Shylesh Muralidharan / Global Marketing Manager /Schneider Electric
Weather and asset management go hand-in-hand in the energy industry, and especially when monitoring the impact of severe weather. Flooding, high winds, snow, ice and of course lightning knocks out power delivery to thousands and cost energy companies millions in short and long-term asset repair, replacement, and upgrades.
As the fastest growing source of energy in the world, wind farms face many of the same weather related challenges as utilities. The harmful threat of lightning is no exception. It is the leading cause of turbine blade damage, and often the leading cause of unplanned turbine outages.
Lightning poses a particular challenge for wind-farm operators because its specific geographic impact cannot be forecast, and even when using lightning tracking software, the damage caused by a strike is often nearly invisible without close inspection.

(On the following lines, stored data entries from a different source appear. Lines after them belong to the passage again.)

(* Let $F\colon\Omega\to\Omega$ be a piecewise translation in $\mathbb{R}^d$ with $m=d+1$ branches, translation vectors $v_0,\dots,v_d$ with $v_1-v_0,\dots,v_d-v_0$ linearly independent, and suppose the torus rotation $R$ is ergodic. Then $\mathrm{Leb}(A)/\mathrm{Leb}(\mathbb{T})\in\mathbb{N}$, where $\mathrm{Leb}(\mathbb{T})=|\det(v_1-v_0,\dots,v_d-v_0)|$ is the covolume of $\mathcal{L}$.
   Context: A region is a compact subset of $\mathbb{R}^d$ which equals the closure of its interior. A piecewise translation with $m$ branches: $\Omega\subset\mathbb{R}^d$ is a region, $\Omega=P_0\cup\dots\cup P_{m-1}$ with each $P_i$ a region, distinct $P_i$ intersecting only in boundaries, $\mathrm{Leb}(\partial P_i)=0$; vectors $v_i$ satisfy $x+v_i\in\Omega$ for $x\in P_i$; $i(x)$ is an index with $x\in P_{i(x)}$ (boundary ambiguity resolved by a fixed measurable rule), and $F(x)=x+v_{i(x)}$. $\Omega_0=\Omega$, $\Omega_n=\overline{F(\Omega_{n-1})}$, $A=\bigcap_n\Omega_n$ is the attractor. $\mathcal{L}$ is the lattice generated by $v_1-v_0,\dots,v_d-v_0$, $\mathbb{T}=\mathbb{R}^d/\mathcal{L}$, $\pi\colon\mathbb{R}^d\to\mathbb{T}$ the projection, $R(\phi)=\phi+\pi(v_0)$ on $\mathbb{T}$. *)

theory Defs
  imports "HOL-Analysis.Analysis"
begin

definition region :: "'a::topological_space set \<Rightarrow> bool" where
  "region S \<longleftrightarrow> compact S \<and> closure (interior S) = S"

fun iter_sets :: "('a::topological_space \<Rightarrow> 'a) \<Rightarrow> 'a set \<Rightarrow> nat \<Rightarrow> 'a set" where
  "iter_sets F S 0 = S"
| "iter_sets F S (Suc n) = closure (F ` iter_sets F S n)"

definition attractor :: "('a::topological_space \<Rightarrow> 'a) \<Rightarrow> 'a set \<Rightarrow> 'a set" where
  "attractor F S = (\<Inter>n. iter_sets F S n)"

definition gen_lattice :: "('n::finite \<Rightarrow> real^'n) \<Rightarrow> (real^'n) set" where
  "gen_lattice w = {x. \<exists>c::'n \<Rightarrow> int. x = (\<Sum>i\<in>UNIV. of_int (c i) *\<^sub>R w i)}"

text \<open>Ergodicity of the rotation phi |-> phi + pi(u) on the torus R^d / L w.r.t. Haar measure,
  lifted to R^d: measurable subsets of the torus correspond to L-periodic Lebesgue-measurable
  subsets of R^d; R-invariant sets to sets invariant under translation by u; Haar-null sets to
  Lebesgue-null periodic sets.\<close>
definition torus_rotation_ergodic :: "(real^'n) set \<Rightarrow> real^'n \<Rightarrow> bool" where
  "torus_rotation_ergodic L u \<longleftrightarrow>
     (\<forall>E \<in> sets lebesgue.
        (\<forall>l\<in>L. (\<lambda>x. x + l) ` E = E) \<longrightarrow> (\<lambda>x. x + u) ` E = E \<longrightarrow>
        E \<in> null_sets lebesgue \<or> (- E) \<in> null_sets lebesgue)"

end

theory Submission
  imports Defs
begin

(* Let L be the lattice generated by the v_i - v_0, D a fundamental domain of L, and
   N(x) = #{l \<in> L. x + l \<in> A} the number of lattice translates of x in the attractor A.
   N is L-periodic and its integral over D is Leb(A).  Off the null set of translated piece
   boundaries every point of A has an F-preimage in A, and F moves every point by v_0 modulo L;
   this yields an injection showing N(x + v_0) \<le> N(x) almost everywhere.  Translation by v_0
   preserves the finite integral of N over D, so N(x + v_0) = N(x) almost everywhere, and
   ergodicity of the rotation makes N almost everywhere equal to a constant k.
   Hence Leb(A) = k Leb(D) = k |det(v_1 - v_0, ..., v_d - v_0)|. *)

section \<open>Lebesgue measure of linear images\<close>

lemma linear_coordinate_swap: "linear (\<lambda>x::real^'n. \<chi> i. x $ Transposition.transpose m n i)"
  by (rule linearI) (simp_all add: vec_eq_iff)

lemma det_matrix_coordinate_swap:
  "\<bar>det (matrix (\<lambda>x::real^'n. \<chi> i. x $ Transposition.transpose m n i))\<bar> = 1"
proof -
  have "matrix (\<lambda>x::real^'n. \<chi> i. x $ Transposition.transpose m n i)
      = (\<chi> i. mat 1 $ Transposition.transpose m n i)"
    by (simp add: matrix_def vec_eq_iff axis_def mat_def)
  then show ?thesis
    by (simp add: det_permute_rows permutes_swap_id sign_swap_id)
qed

lemma measure_cbox_coordinate_swap:
  fixes a b :: "real^'n"
  shows "measure lebesgue ((\<lambda>x. \<chi> i. x $ Transposition.transpose m n i) ` cbox a b)
           = measure lebesgue (cbox a b)"
proof -
  let ?\<tau> = "Transposition.transpose m n" and ?s = "\<lambda>x::real^'n. \<chi> i. x $ Transposition.transpose m n i"
  have box: "?s ` cbox a b = cbox (?s a) (?s b)"
    by (auto simp: image_iff lambda_swap_Galois mem_box_cart) (metis transpose_involutory)+
  have "(\<Prod>i\<in>UNIV. b $ ?\<tau> i - a $ ?\<tau> i) = (\<Prod>i\<in>UNIV. b $ i - a $ i)"
    using prod.permute[OF permutes_swap_id[OF UNIV_I UNIV_I, of m n], of "\<lambda>i. b $ i - a $ i"]
    by (simp add: o_def)
  then show ?thesis
    using image_is_empty[of ?s "cbox a b"] by (simp add: box content_cbox_if_cart)
qed

lemma linear_shear: "linear (\<lambda>x::real^'n. \<chi> i. if i = m then x$m + x$n else x$i)"
  by (rule linearI) (auto simp: vec_eq_iff algebra_simps)

lemma det_matrix_shear:
  assumes "m \<noteq> n"
  shows "det (matrix (\<lambda>x::real^'n. \<chi> i. if i = m then x$m + x$n else x$i)) = 1"
proof -
  have "matrix (\<lambda>x::real^'n. \<chi> i. if i = m then x$m + x$n else x$i)
      = (\<chi> k. if k = m then row m (mat 1) + 1 *s row n (mat 1) else row k (mat 1))"
    by (auto simp: matrix_def axis_def row_def mat_def vec_eq_iff)
  then show ?thesis
    using det_row_operation[OF assms, of "mat 1 :: real^'n^'n" 1] by simp
qed

lemma measure_cbox_shear:
  fixes a b :: "real^'n"
  assumes "m \<noteq> n"
  shows "measure lebesgue ((\<lambda>x. \<chi> i. if i = m then x$m + x$n else x$i) ` cbox a b)
           = measure lebesgue (cbox a b)"
proof (cases "cbox a b = {}")
  case False
  define h :: "real^'n \<Rightarrow> real^'n" where "h x = (\<chi> i. if i = m then x$m + x$n else x$i)" for x
  (* measure_shear_interval needs 0 \<le> a$n, so first shift the box along the n-th axis. *)
  define t :: "real^'n" where "t = axis n (- a $ n)"
  have translate: "cbox (a + t) (b + t) = (\<lambda>x. t + x) ` cbox a b"
    by (simp add: add.commute[of _ t] cbox_translation)
  have "linear h"
    unfolding h_def[abs_def] by (rule linear_shear)
  then have "(\<lambda>x. x - h t) ` h ` cbox (a + t) (b + t) = h ` cbox a b"
    by (simp add: translate image_image linear_add)
  then have "measure lebesgue (h ` cbox a b) = measure lebesgue (h ` cbox (a + t) (b + t))"
    by (metis measure_translation_subtract)
  also have "\<dots> = measure lebesgue (cbox (a + t) (b + t))"
  proof -
    have "cbox (a + t) (b + t) \<noteq> {}"
      using False by (simp add: translate)
    moreover have "0 \<le> (a + t) $ n"
      by (simp add: t_def)
    ultimately show ?thesis
      unfolding h_def using assms by (rule measure_shear_interval[rotated])
  qed
  also have "\<dots> = measure lebesgue (cbox a b)"
    by (simp add: translate measure_translation)
  finally show ?thesis
    by (simp add: h_def)
qed simp
definition anchored :: "real^'k^'d \<Rightarrow> (real^'k) measure \<Rightarrow> bool" where
  "anchored H \<rho> \<longleftrightarrow> prob_space \<rho> \<and> space \<rho> = Xd H \<and>
     sets \<rho> = sets (restrict_space borel (Xd H)) \<and>
     integrable \<rho> (\<lambda>x. x) \<and> integral\<^sup>L \<rho> (\<lambda>x. x) = 0"

definition Wch :: "real^'k^'d \<Rightarrow> (real^'k) measure \<Rightarrow> 'd \<Rightarrow> (real^'k) measure" where
  "Wch H \<rho> i = density \<rho> (\<lambda>x. ennreal (1 + gam H i \<bullet> x))"

definition ldp :: "real \<Rightarrow> ('i \<Rightarrow> 'a measure) \<Rightarrow> 'i set \<Rightarrow> bool" where
  "ldp \<epsilon> W I \<longleftrightarrow> (\<forall>i\<in>I. \<forall>j\<in>I. \<forall>B\<in>sets (W i).
      emeasure (W j) B \<le> ennreal (exp \<epsilon>) * emeasure (W i) B)"

definition mixture :: "'a measure \<Rightarrow> 'm set \<Rightarrow> ('m \<Rightarrow> real) \<Rightarrow> ('m \<Rightarrow> 'a measure) \<Rightarrow> 'a measure" where
  "mixture \<Omega> I w Ms = measure_of (space \<Omega>) (sets \<Omega>)
      (\<lambda>A. \<Sum>m\<in>I. ennreal (w m) * emeasure (Ms m) A)"

definition Q0 :: "nat \<Rightarrow> 'a measure \<Rightarrow> 'a measure \<Rightarrow> (nat \<Rightarrow> 'a) measure" where
  "Q0 n Wi Wj = PiM {..<n} (\<lambda>_. Wi)"

definition Q1 :: "nat \<Rightarrow> 'a measure \<Rightarrow> 'a measure \<Rightarrow> (nat \<Rightarrow> 'a) measure" where
  "Q1 n Wi Wj = mixture (PiM {..<n} (\<lambda>_. Wi)) {..<n} (\<lambda>_. 1 / real n)
      (\<lambda>m. PiM {..<n} (\<lambda>k. if k = m then Wj else Wi))"

definition hockey :: "real \<Rightarrow> 'a measure \<Rightarrow> 'a measure \<Rightarrow> real" where
  "hockey \<alpha> P Q = integral\<^sup>L Q (\<lambda>x. max 0 (enn2real (RN_deriv Q P x) - \<alpha>))"

definition brr :: "real \<Rightarrow> nat \<Rightarrow> nat measure" where
  "brr \<epsilon> k = point_measure {1, 2}
     (\<lambda>y. ennreal (if y = k then exp \<epsilon> / (1 + exp \<epsilon>) else 1 / (1 + exp \<epsilon>)))"

definition LR :: "'a measure \<Rightarrow> 'a measure \<Rightarrow> 'a \<Rightarrow> real" where
  "LR Wi Wj x = enn2real (RN_deriv Wi Wj x)"

definition mu_lr :: "'a measure \<Rightarrow> 'a measure \<Rightarrow> real measure" where
  "mu_lr Wi Wj = distr Wi borel (LR Wi Wj)"

definition mu_star :: "real \<Rightarrow> real measure" where
  "mu_star \<epsilon> = (if \<epsilon> = 0 then return borel 1 else
     mixture borel {exp (-\<epsilon>), exp \<epsilon>}
       (\<lambda>t. if t = exp (-\<epsilon>) then (exp \<epsilon> - 1) / (exp \<epsilon> - exp (-\<epsilon>))
            else (1 - exp (-\<epsilon>)) / (exp \<epsilon> - exp (-\<epsilon>)))
       (\<lambda>t. return borel t))"

definition merge_lr :: "real \<Rightarrow> 'a measure \<Rightarrow> 'a measure \<Rightarrow> 'a \<Rightarrow> nat" where
  "merge_lr \<epsilon> Wi Wj x = (if LR Wi Wj x = exp (-\<epsilon>) then 1 else 2)"

end

theory Submission
  imports Defs
begin

(* Let L = dW(.|j)/dW(.|i).  The mixture Q1 has density (L(x_1) + ... + L(x_n))/n with respect
   to Q0 = W(.|i)^n, so H_c(Q1, Q0) is the mean of (avg_m L(X_m) - c)_+ over i.i.d. X_m ~ W(.|i).
   LDP puts L into [a, b] = [exp (-eps0), exp eps0], and E L = 1.  At the level
   c = b - (b - a)/(2n) the Weierstrass product inequality bounds the integrand by
   (b - c) prod_m (L(X_m) - a)/(b - a), whence H_c(Q1, Q0) <= (b - c) ((1 - a)/(b - a))^n, strictly
   unless L is {a, b}-valued almost surely; binary randomized response attains the bound.  So the
   first family of hypotheses, at this single level, forces L in {a, b} a.s., and E L = 1 then
   determines both masses. *)

section \<open>The hockey-stick divergence of Q1 against Q0\<close>

definition avg_excess :: "nat \<Rightarrow> real \<Rightarrow> (nat \<Rightarrow> real) \<Rightarrow> real" where
  "avg_excess n c l = max 0 ((\<Sum>m<n. l m) / real n - c)"

lemma borel_measurable_avg_excess[measurable]:
  assumes [measurable]: "L \<in> borel_measurable P"
  shows "(\<lambda>x. avg_excess n c (\<lambda>m. L (x m))) \<in> borel_measurable (PiM {..<n} (\<lambda>_. P))"
  unfolding avg_excess_def by measurable

lemma mixture_cong:
  assumes "\<And>m. m \<in> I \<Longrightarrow> w m = w' m" "\<And>m. m \<in> I \<Longrightarrow> Ms m = Ms' m"
  shows "mixture \<Omega> I w Ms = mixture \<Omega> I w' Ms'"
  unfolding mixture_def using assms by (intro arg_cong[where f = "measure_of _ _"] ext sum.cong) auto

lemma mixture_density:
  fixes f :: "'m \<Rightarrow> 'a \<Rightarrow> ennreal"
  assumes f[measurable]: "\<And>m. m \<in> I \<Longrightarrow> f m \<in> borel_measurable \<Omega>" and "finite I"
  shows "mixture \<Omega> I w (\<lambda>m. density \<Omega> (f m)) = density \<Omega> (\<lambda>x. \<Sum>m\<in>I. ennreal (w m) * f m x)"
proof -
  let ?D = "density \<Omega> (\<lambda>x. \<Sum>m\<in>I. ennreal (w m) * f m x)"
  have "?D = measure_of (space \<Omega>) (sets \<Omega>) (emeasure ?D)"
    using measure_of_of_measure[of ?D] by simp
  also have "\<dots> = mixture \<Omega> I w (\<lambda>m. density \<Omega> (f m))"
    unfolding mixture_def
  proof (rule measure_of_eq[OF sets.space_closed])
    fix A assume "A \<in> sigma_sets (space \<Omega>) (sets \<Omega>)"
    then have A[measurable]: "A \<in> sets \<Omega>"
      by (simp add: sets.sigma_sets_eq)
    have "emeasure ?D A = (\<integral>\<^sup>+ x. (\<Sum>m\<in>I. ennreal (w m) * (f m x * indicator A x)) \<partial>\<Omega>)"
      by (auto simp: emeasure_density sum_distrib_right mult.assoc intro!: nn_integral_cong)
    also have "\<dots> = (\<Sum>m\<in>I. ennreal (w m) * emeasure (density \<Omega> (f m)) A)"
      using \<open>finite I\<close> by (simp add: nn_integral_sum nn_integral_cmult emeasure_density)
    finally show "emeasure ?D A = (\<Sum>m\<in>I. ennreal (w m) * emeasure (density \<Omega> (f m)) A)" .
  qed
  finally show ?thesis ..
qed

But despite the fact that weather services for the energy industry have significantly advanced in their accuracy and even their ability to forecast weather along with anticipated damage from coming storms, wind farm operators still face the challenge after a storm of deciding whether to manually inspect every turbine in the storm’s path for lightning damage, or risk operating a damaged turbine which leads to more problems down the road.
New weather technology, however, is available to give wind farm operators more specific weather predictions, specifically analyzing the likelihood that the turbines within a designated radius were struck by lightning. This lets wind farms better assess damage following a storm and enact a more efficient inspection and repair plan, greatly alleviating the guessing game.
The biggest challenge of lightning strikes comes from the fact that damage is often small, but when unaddressed, can grow into a much bigger problem – one that could result in spending hundreds of thousands of dollars to replace a blade.
Aside from the economic cost, lightning detection effects energy output, as well. The more time it takes to locate which blades were struck by lightning, the longer the turbine will be out of operation. This directly results in a loss of generation. Faster maintenance and repairs from more accurate damage assessments help maximize wind-farm generation output by reducing down time from inefficient maintenance.
The critical development enabling such specific and granular weather-related damage assessments is the overlay of GIS-mapped assets with accurate weather data. An accurate strike assessment can be generated, down to a specific asset, by combining accurate lightning-strike data with turbine locations.
To get started, wind operators would provide a list of all wind turbines across one or more farms. A catalog is created that includes the specific geo-location of each turbine. After a storm, this catalogue can be compared to the recorded latitude-longitude of the lightning strikes, and compiled into a list.
When a strike occurs near a turbine, the system generates a report that provides operators with the exact location and how far, in meters, the lightning was from the turbine, polarity (positive or negative) of the strike, and the amplitude (a measure of electrical current or intensity) of the lightning. The accompanying table provides a report example.
Every 24 hours, the system generates a new list for operators to access. When the O&M manager starts planning the day’s maintenance schedule, that person can now prioritize which turbines to inspect first by noting the proximity of the strike, focusing effort on those turbines most likely to have been damaged.
Asset-specific weather threat assessments are not only critical for wind farm operators but for the utility industry as a whole. Using the same methods as wind farm operators, utilities can work with weather system services and partners to generate after-action storm damage reports, and pre-storm threat assessments to specific assets to give outage management planners the best information to create safer, faster and more efficient response efforts.
The energy industry can now plan ahead to improve reliability and decrease costs. With increasing weather volatility and pressure on asset management budgets, this capability is critical for understanding weather’s impact on assets and how best to manage them.